Clinical outcomes of finerenone in heart failure: A systematic review and meta-analysis

Abstract

BACKGROUND

Chronic kidney disease (CKD) and heart failure (HF) frequently coexist, creating a complex clinical challenge. Mineralocorticoid receptor antagonists (MRAs) have shown promise in managing both conditions, primarily by mitigating the adverse effects of aldosterone. Finerenone, a novel nonsteroidal MRA, has demonstrated significant benefits in reducing cardiovascular and renal events in patients with CKD and type 2 diabetes. However, while the efficacy and safety of finerenone have been extensively evaluated in CKD populations, its effects in patients with HF, particularly those without concurrent significant CKD, require further investigation.

AIM

To investigate the efficacy and safety of finerenone in patients with HF.

METHODS

Per the PRISMA guidelines, a thorough search was conducted in PubMed/MEDLINE, Science Direct, and Google Scholar, and relevant randomized control trials (RCTs) comparing finerenone to placebo or other agents on clinical outcomes in patients with HF were included.

RESULTS

Four RCTs involving 7457 patients with HF (mean age, 71.85 years; females, 41.0%) were included in the study. Of them, 4160 received finerenone (mean age, 71.7 years) and 3297 received a placebo (mean age, 72.04 years). The finerenone group had significantly lower odds of worsening HF [odds ratio (OR) = 0.76; 95%CI: 0.66-0.88; P = 0.0001] and improvement in the Kansas City Cardiomyopathy Questionnaire (mean differences: 1.60; 95%CI: 1.58-1.62; P < 0.0001). Furthermore, higher odds of hyperkalemia (OR = 1.32; 95%CI: 0.58-2.99; P = 0.51) and lower odds of adverse event (AE) (OR = 0.91; 95%CI: 0.72-1.15; P = 0.44) and severe AE (OR = 0.99; 95%CI: 0.88-1.10; P = 0.82).

CONCLUSION

Our meta-analysis demonstrates that finerenone significantly reduces the risk of worsening of HF and improves quality of life in HF. However, finerenone was associated with increased risks of hyperkalemia, requiring clinical vigilance. Future research should focus on long-term outcomes and the optimal dosing of finerenone in specific HF subpopulations, including those receiving other guideline-directed medical therapies.

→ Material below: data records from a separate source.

lemma ex_class_morphism_of_congruence:
  fixes \<sigma> :: "'a list \<Rightarrow> 'b"
  assumes C: "prevariety C" and fin: "finite (range \<sigma>)"
    and cong: "\<And>a a' b b'. \<sigma> a = \<sigma> a' \<Longrightarrow> \<sigma> b = \<sigma> b' \<Longrightarrow> \<sigma> (a @ b) = \<sigma> (a' @ b')"
    and classes: "\<And>v. \<sigma> -` {\<sigma> v} \<in> C"
  shows "\<exists>(\<eta> :: 'a list \<Rightarrow> nat) (N :: nat monoid).
           class_morphism C \<eta> N \<and> (\<forall>a b. \<eta> a = \<eta> b \<longrightarrow> \<sigma> a = \<sigma> b)"
proof -
  obtain g :: "'b \<Rightarrow> nat" where g: "inj_on g (range \<sigma>)"
    using finite_imp_inj_to_nat_seg[OF fin] by blast
  define \<eta> where "\<eta> = g \<circ> \<sigma>"
  have \<eta>_eq: "\<eta> a = \<eta> b \<longleftrightarrow> \<sigma> a = \<sigma> b" for a b
    unfolding \<eta>_def using inj_on_eq_iff[OF g] by simp
  have "finite (range \<eta>)"
    unfolding \<eta>_def image_comp[symmetric] using fin by blast
  moreover have "\<eta> (a @ b) = \<eta> (a' @ b')" if "\<eta> a = \<eta> a'" "\<eta> b = \<eta> b'" for a a' b b'
    using that cong unfolding \<eta>_eq by blast
  ultimately obtain N :: "nat monoid" where N: "word_morphism \<eta> N"
    using ex_word_morphism_of_congruence by blast
  have "\<eta> -` F \<in> C" for F
  proof -
    have "\<eta> -` F = (\<Union>s\<in>\<sigma> ` (\<eta> -` F). \<sigma> -` {s})"
      using \<eta>_eq by auto
    also have "\<dots> \<in> C"
    proof (rule prevariety_Union[OF C])
      show "finite (\<sigma> ` (\<eta> -` F))"
        using fin by (rule finite_subset[rotated]) blast
    qed (use classes in blast)
    finally show ?thesis .
  qed
  then show ?thesis
    using N \<eta>_eq unfolding class_morphism_def by blast
qed

lemma prevariety_agreement_class:
  assumes C: "prevariety C" and "finite Q" and "Q \<subseteq> C"
  shows "{w. \<forall>L\<in>Q. w \<in> L \<longleftrightarrow> v \<in> L} \<in> C"
proof -
  have "{w. \<forall>L\<in>Q. w \<in> L \<longleftrightarrow> v \<in> L} = (\<Inter>L\<in>Q. if v \<in> L then L else - L)"
    by auto
  also have "\<dots> \<in> C"
  proof (rule prevariety_Inter[OF C \<open>finite Q\<close>])
    fix L
    assume "L \<in> Q"
    then have "L \<in> C"
      using \<open>Q \<subseteq> C\<close> by blast
    then show "(if v \<in> L then L else - L) \<in> C"
      using C unfolding prevariety_def by simp
  qed
  finally show ?thesis .
qed

lemma ex_class_morphism_recognising:
  fixes Q :: "'a list set set"
  assumes C: "prevariety C" and "finite Q" and "Q \<subseteq> C"
    and closed: "\<And>L p q. L \<in> Q \<Longrightarrow> {w. p @ w @ q \<in> L} \<in> Q"
  shows "\<exists>(\<eta> :: 'a list \<Rightarrow> nat) (N :: nat monoid).
           class_morphism C \<eta> N \<and> (\<forall>a b. \<eta> a = \<eta> b \<longrightarrow> (\<forall>L\<in>Q. a \<in> L \<longleftrightarrow> b \<in> L))"
proof -
  define \<sigma> where "\<sigma> v = {L \<in> Q. v \<in> L}" for v
  have \<sigma>_eq: "\<sigma> a = \<sigma> b \<longleftrightarrow> (\<forall>L\<in>Q. a \<in> L \<longleftrightarrow> b \<in> L)" for a b
    unfolding \<sigma>_def by blast
  have "range \<sigma> \<subseteq> Pow Q"
    unfolding \<sigma>_def by blast
  then have "finite (range \<sigma>)"
    by (rule finite_subset) (simp add: \<open>finite Q\<close>)
  moreover have "\<sigma> (a @ b) = \<sigma> (a' @ b')" if "\<sigma> a = \<sigma> a'" "\<sigma> b = \<sigma> b'" for a a' b b'
    unfolding \<sigma>_eq
  proof
    fix L
    assume "L \<in> Q"
    then have "{w. [] @ w @ b \<in> L} \<in> Q" and "{w. a' @ w @ [] \<in> L} \<in> Q"
      by (simp_all only: closed)
    then have "a @ b \<in> L \<longleftrightarrow> a' @ b \<in> L" and "a' @ b \<in> L \<longleftrightarrow> a' @ b' \<in> L"
      using that unfolding \<sigma>_eq by fastforce+
    then show "a @ b \<in> L \<longleftrightarrow> a' @ b' \<in> L"
      by blast
  qed
  moreover have "\<sigma> -` {\<sigma> v} \<in> C" for v
    using prevariety_agreement_class[OF assms(1-3), of v] by (simp add: vimage_def \<sigma>_eq)
  ultimately obtain \<eta> and N :: "nat monoid"
    where "class_morphism C \<eta> N" and "\<forall>a b. \<eta> a = \<eta> b \<longrightarrow> \<sigma> a = \<sigma> b"
    using ex_class_morphism_of_congruence[OF C] by metis
  then show ?thesis
    unfolding \<sigma>_eq by blast
qed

Key Words: Finerenone; Heart failure; Nonsteroidal mineralocorticoid receptor antagonists; Kansas City Cardiomyopathy Questionnaire; Hyperkalemia; Meta-analysis

Core Tip: Finerenone, a novel nonsteroidal mineralocorticoid receptor antagonist, has shown clear benefits in chronic kidney disease, but its specific impact on heart failure (HF) has required further synthesis. Our meta-analysis of 7457 patients reveals that finerenone significantly decreases the odds of worsening HF and enhances quality of life scores. However, potential safety signals, including hyperkalemia, suggest that while finerenone is a potent tool for managing HF, its use requires vigilant monitoring to balance clinical benefits against adverse events.

INTRODUCTION

Heart failure (HF) remains one of the most common and challenging cardiovascular conditions worldwide. It affects over 64 million people and continues to drive hospitalizations, morbidity, and mortality despite major strides in both medications and devices[1,2]. While significant progress has been made in managing HF, outcomes remain suboptimal across all ejection fraction phenotypes[3].

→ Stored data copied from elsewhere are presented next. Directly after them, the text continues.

(* Let $k$ be a field, $X,Y$ indeterminates, $M=Yk(X)[[Y]]$ and $R=k+M$. Then $R$ is integrally closed, but $R$ does not have the finite $t$-basic ideal property: for the finitely generated ideal $I=Y(k+kX+M)=(Y,XY)R$ and $J=YR\subseteq I$, one has $(JI)_t=(I^2)_t$ while $J_t=YR\ne M=I_t$.
   Context: For a domain $R$ with quotient field $K$ and nonzero fractional ideal $I$: $I^{-1}=(R:I)=\{x\in K:xI\subseteq R\}$, $I_v=(I^{-1})^{-1}$, $I_t=\bigcup J_v$ over finitely generated subideals $J\subseteq I$. For a nonzero ideal $I$, an ideal $J\subseteq I$ is a $t$-reduction of $I$ if $(JI^n)_t=(I^{n+1})_t$ for some integer $n\ge0$; $I$ is $t$-basic if every $t$-reduction $J$ of $I$ satisfies $J_t=I_t$. The finite $t$-basic ideal property means every nonzero finitely generated ideal is $t$-basic. *)

theory Defs
  imports "HOL-Computational_Algebra.Computational_Algebra"
begin

definition gen :: "'a::field set \<Rightarrow> 'a set \<Rightarrow> 'a set" where
  "gen R S = {x. \<exists>F c. finite F \<and> F \<subseteq> S \<and> (\<forall>s\<in>F. c s \<in> R) \<and> x = (\<Sum>s\<in>F. c s * s)}"

definition is_subring :: "'a::field set \<Rightarrow> bool" where
  "is_subring R \<longleftrightarrow> 1 \<in> R \<and> (\<forall>x\<in>R. \<forall>y\<in>R. x + y \<in> R \<and> x - y \<in> R \<and> x * y \<in> R)"

text \<open>K (the whole type) is the quotient field of R.\<close>
definition is_quotient_field :: "'a::field set \<Rightarrow> bool" where
  "is_quotient_field R \<longleftrightarrow> (\<forall>x. \<exists>a\<in>R. \<exists>b\<in>R. b \<noteq> 0 \<and> x = a / b)"

definition integrally_closed :: "'a::field set \<Rightarrow> bool" where
  "integrally_closed R \<longleftrightarrow>
     (\<forall>x. (\<exists>n c. (\<forall>i<n. c i \<in> R) \<and> x ^ n + (\<Sum>i<n. c i * x ^ i) = 0) \<longrightarrow> x \<in> R)"

definition is_submod :: "'a::field set \<Rightarrow> 'a set \<Rightarrow> bool" where
  "is_submod R I \<longleftrightarrow> 0 \<in> I \<and> (\<forall>x\<in>I. \<forall>y\<in>I. x + y \<in> I) \<and> (\<forall>r\<in>R. \<forall>x\<in>I. r * x \<in> I)"

definition is_ideal :: "'a::field set \<Rightarrow> 'a set \<Rightarrow> bool" where
  "is_ideal R I \<longleftrightarrow> is_submod R I \<and> I \<subseteq> R"

definition fin_gen :: "'a::field set \<Rightarrow> 'a set \<Rightarrow> bool" where
  "fin_gen R I \<longleftrightarrow> (\<exists>S. finite S \<and> I = gen R S)"

definition iprod :: "'a::field set \<Rightarrow> 'a set \<Rightarrow> 'a set \<Rightarrow> 'a set" where
  "iprod R I J = gen R {a * b | a b. a \<in> I \<and> b \<in> J}"

primrec ipow :: "'a::field set \<Rightarrow> 'a set \<Rightarrow> nat \<Rightarrow> 'a set" where
  "ipow R I 0 = R"
| "ipow R I (Suc n) = iprod R I (ipow R I n)"

definition colon_inv :: "'a::field set \<Rightarrow> 'a set \<Rightarrow> 'a set" where
  "colon_inv R I = {x. \<forall>y\<in>I. x * y \<in> R}"

definition v_op :: "'a::field set \<Rightarrow> 'a set \<Rightarrow> 'a set" where
  "v_op R I = colon_inv R (colon_inv R I)"

definition t_op :: "'a::field set \<Rightarrow> 'a set \<Rightarrow> 'a set" where
  "t_op R I = \<Union> {v_op R J | J. J \<subseteq> I \<and> J \<noteq> {0} \<and> is_submod R J \<and> fin_gen R J}"

definition t_reduction :: "'a::field set \<Rightarrow> 'a set \<Rightarrow> 'a set \<Rightarrow> bool" where
  "t_reduction R J I \<longleftrightarrow> is_ideal R J \<and> J \<subseteq> I \<and>
     (\<exists>n. t_op R (iprod R J (ipow R I n)) = t_op R (ipow R I (Suc n)))"

definition t_basic :: "'a::field set \<Rightarrow> 'a set \<Rightarrow> bool" where
  "t_basic R I \<longleftrightarrow> (\<forall>J. t_reduction R J I \<longrightarrow> t_op R J = t_op R I)"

Guideline-directed medical therapy (GDMT) has improved prognosis by targeting neurohormonal pathways, particularly the renin-angiotensin-aldosterone system[4]. Mineralocorticoid receptor antagonists (MRAs), such as spironolactone and eplerenone, are important components of GDMT and have demonstrated significant benefit in reducing morbidity and mortality in patients with HF with reduced ejection fraction (HFrEF)[5,6]. However, in real-world practice, their use is often limited due to hyperkalemia, worsening renal function, and endocrine-related side effects including gynecomastia and menstrual irregularities[7,8].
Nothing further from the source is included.